For your Will to be legally recognized in Malaysia, it is imperative to have a minimum of two witnesses. One of the primary roles of these witnesses is to verify that the individual creating the Will is mentally sound when the document is drafted. Ideally, your chosen witnesses should be at least 21 years old.

A Beneficiary Is Ineligible to Act as a Will Witness

An Executor, the individual responsible for executing or administering your Will and estate, can serve as a witness as long as they do not have a personal interest as a beneficiary in your Will. It’s important to note that in Malaysia, a beneficiary is prohibited from acting as a witness to your Will.

Is it Permissible for the Executor of Your Will to Also Be a Beneficiary?

Indeed, it is permissible for the designated executor to also be a beneficiary under your Will. For example, you have the option to appoint your son as both the executor and beneficiary in your Will.

Is it Necessary to Stamp or Seal Your Will?

There is no requirement for a Will to be stamped or sealed in order for it to hold validity in Malaysia.

Under What Circumstances Can Your Will Be Contested?

Your Will must be crystal clear and explicitly state your intentions, leaving no room for ambiguity or omissions that might provoke disputes.

However, whether your Will is drafted through DIY methods or by a professional, it can be contested by any “interested individuals” who have a legitimate stake and legal standing to benefit from the Will.

Common reasons for challenging a Will include:

  1. Allegations of a fake or forged signature of the testator.
  2. Claims that the testator was not of sound mind or was unduly influenced when creating the Will.
  3. Suspicions of unauthorized alterations to the contents of the Will.
  4. Improper witnessing during the execution of the Will, not done in the presence of the testator.
  5. The existence of a more recent Will that supersedes the older one.

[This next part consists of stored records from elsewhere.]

(* Let $\rho_r\in(0,1)$, and let $R>\lambda>\rho_r$ be constants. Let $C\subseteq\{0,1\}^n$ consist of $2^{Rn}$ independent uniformly random vectors, partitioned into $2^{R'n}$ blocks $A_s$ ($s\in\{0,1\}^{R'n}$) of $2^\ell$ vectors each, where $\ell=\lambda n$ and $R'n=Rn-\ell$, and let $C_\Pi$ be the stochastic code encoding message $s$ as a uniformly random element of $A_s$. Then there is $\delta>0$ such that, with probability $1-e^{-\Omega(n)}$ over the choice of $C$, \[\mathrm{Sem}(C_\Pi)=\max_{P_{\mathbf S},\mathscr S}I\bigl(\mathbf S;\mathbf V(\mathscr S)\bigr)\le e^{-n\delta},\] where the maximum is over all distributions $P_{\mathbf S}$ on messages and all $\mathscr S\subseteq[n]$ with $|\mathscr S|=\rho_r n$.
   Context: For a message $\mathbf S\sim P_{\mathbf S}$ with random encoding $\mathbf X$, and $\mathscr S\subseteq[n]$, $\mathbf V(\mathscr S)\in\{0,1,?\}^n$ is the string equal to $\mathbf X$ on coordinates in $\mathscr S$ and $?$ elsewhere. *)

theory Defs
  imports "HOL-Probability.Probability"
begin

text \<open>Binary vectors of length n are bool lists of length n. Coordinates are 0..n-1.\<close>

definition bin_vectors :: "nat \<Rightarrow> bool list set" where
  "bin_vectors n = {xs. length xs = n}"

text \<open>A code of 2^m blocks with 2^l vectors each: C s j is the j-th vector of block A_s.
  The set of all such codes; the uniform distribution on it makes all 2^(m+l) vectors
  independent and uniform.\<close>

definition codes :: "nat \<Rightarrow> nat \<Rightarrow> nat \<Rightarrow> (nat \<Rightarrow> nat \<Rightarrow> bool list) set" where
  "codes n m l = ({..<2^m} \<rightarrow>\<^sub>E ({..<2^l} \<rightarrow>\<^sub>E bin_vectors n))"

text \<open>V(S): equal to x on coordinates in S and '?' (None) elsewhere.\<close>

definition reveal :: "nat \<Rightarrow> nat set \<Rightarrow> bool list \<Rightarrow> bool option list" where
  "reveal n S x = map (\<lambda>i. if i \<in> S then Some (x ! i) else None) [0..<n]"

definition mutual_info_pmf :: "('a \<times> 'b) pmf \<Rightarrow> real" where
  "mutual_info_pmf J = (\<Sum>ab\<in>set_pmf J. pmf J ab *
      log 2 (pmf J ab / (pmf (map_pmf fst J) (fst ab) * pmf (map_pmf snd J) (snd ab))))"

definition joint_SV :: "nat \<Rightarrow> nat \<Rightarrow> (nat \<Rightarrow> nat \<Rightarrow> bool list) \<Rightarrow> nat pmf \<Rightarrow> nat set
    \<Rightarrow> (nat \<times> bool option list) pmf" where
  "joint_SV n l C PS S =
     do { s \<leftarrow> PS; j \<leftarrow> pmf_of_set {..<2^l}; return_pmf (s, reveal n S (C s j)) }"

text \<open>Semantic leakage: sup over message distributions on {0,1}^m (identified with
  {..<2^m}) and coordinate sets of size r.\<close>

definition Sem :: "nat \<Rightarrow> nat \<Rightarrow> nat \<Rightarrow> nat \<Rightarrow> (nat \<Rightarrow> nat \<Rightarrow> bool list) \<Rightarrow> real" where
  "Sem n m l r C = (SUP p \<in> {(PS, S). set_pmf PS \<subseteq> {..<2^m} \<and> S \<subseteq> {..<n} \<and> card S = r}.
       mutual_info_pmf (joint_SV n l C (fst p) (snd p)))"

end

theory Submission
  imports Defs "HOL-Real_Asymp.Real_Asymp"
begin

(* Call a code balanced if, in every block A_s and for every set S of r coordinates, each pattern
   that V(S) can show is produced by between (1 - e) 2^l / 2^r and (1 + e) 2^l / 2^r of the 2^l
   vectors of A_s.  Then, whatever the message, the law of V(S) is within a factor (1 + e)/(1 - e)
   of its average over messages, so I(S; V(S)) <= log2 ((1 + e)/(1 - e)) for every message
   distribution.  For a random code each pattern count is binomial with mean 2^(l - r), so a
   multiplicative Chernoff bound and a union bound over the at most 2^(m + 2n) triples
   (s, S, pattern) show that the code fails to be balanced with probability at most
   2^(m + 2n + 1) exp (- 2^(l - r) e^2 / 4).  As l - r >= (lam - rho) n - 1, the choice
   e = exp (- 2 delta n) with delta = (lam - rho) ln 2 / 8 makes the leakage smaller than
   exp (- delta n) while the failure probability is doubly exponentially small. *)

lemma exp_le_1_plus_self_plus_square:
  fixes t :: real
  assumes "\<bar>t\<bar> \<le> 1"
  shows "exp t \<le> 1 + t + t\<^sup>2"
proof (cases "0 \<le> t")
  case True
  then show ?thesis using assms exp_bound[of t] by simp
next
  case False
  define u where "u = - t"
  have u: "0 < u" "u \<le> 1" using False assms by (auto simp: u_def)
  have "exp (- u) * (1 + u) \<le> 1"
    using exp_ge_add_one_self[of u] by (simp add: exp_minus field_simps)
  also have "\<dots> \<le> (1 - u + u\<^sup>2) * (1 + u)"
    using u by (simp add: algebra_simps power2_eq_square)
  finally have "exp (- u) \<le> 1 - u + u\<^sup>2"
    using u by (simp add: mult_le_cancel_right)
  then show ?thesis by (simp add: u_def)
qed

lemma expectation_exp_binomial_pmf:
  assumes p: "p \<in> {0..1}"
  shows "measure_pmf.expectation (binomial_pmf n p) (\<lambda>k. exp (t * real k)) = (1 + p * (exp t - 1)) ^ n"
proof -
  have exp_card: "exp (t * real (card {i\<in>{..<n}. f i})) = (\<Prod>i<n. if f i then exp t else 1)" for f
    by (simp add: prod.If_cases Int_def exp_of_nat_mult[symmetric] mult.commute)
  have "binomial_pmf n p
      = map_pmf (\<lambda>f. card {i\<in>{..<n}. f i}) (Pi_pmf {..<n} False (\<lambda>_. bernoulli_pmf p))"
    using binomial_pmf_altdef'[of "{..<n}" n p False] p by simp
  then have "measure_pmf.expectation (binomial_pmf n p) (\<lambda>k. exp (t * real k)) =
      measure_pmf.expectation (Pi_pmf {..<n} False (\<lambda>_. bernoulli_pmf p))
        (\<lambda>f. exp (t * real (card {i\<in>{..<n}. f i})))"
    by (simp only: integral_map_pmf)
  also have "\<dots> = measure_pmf.expectation (Pi_pmf {..<n} False (\<lambda>_. bernoulli_pmf p))
        (\<lambda>f. \<Prod>i<n. if f i then exp t else 1)"
    by (simp only: exp_card)
  also have "\<dots> = (\<Prod>i<n. measure_pmf.expectation (bernoulli_pmf p) (\<lambda>b. if b then exp t else 1))"
    by (rule expectation_prod_Pi_pmf) (auto intro: integrable_measure_pmf_finite)
  also have "\<dots> = (1 + p * (exp t - 1)) ^ n"
    using p by (simp add: algebra_simps)
  finally show ?thesis .
qed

If an interested party successfully challenges a Will, the court may declare it invalid. In such a scenario, the estate’s distribution will be conducted in accordance with the provisions of the Distribution Act of 1958.


In conclusion, the key takeaway is to resort to a DIY Will only when your wishes are straightforward, and your financial matters are uncomplicated. However, for maximum safety and assurance, it is advisable to seek the guidance of a lawyer. A legal professional can verify that your Will aligns with all statutory requirements, safeguarding both your interests and those of your loved ones, ensuring alignment with your specific wishes.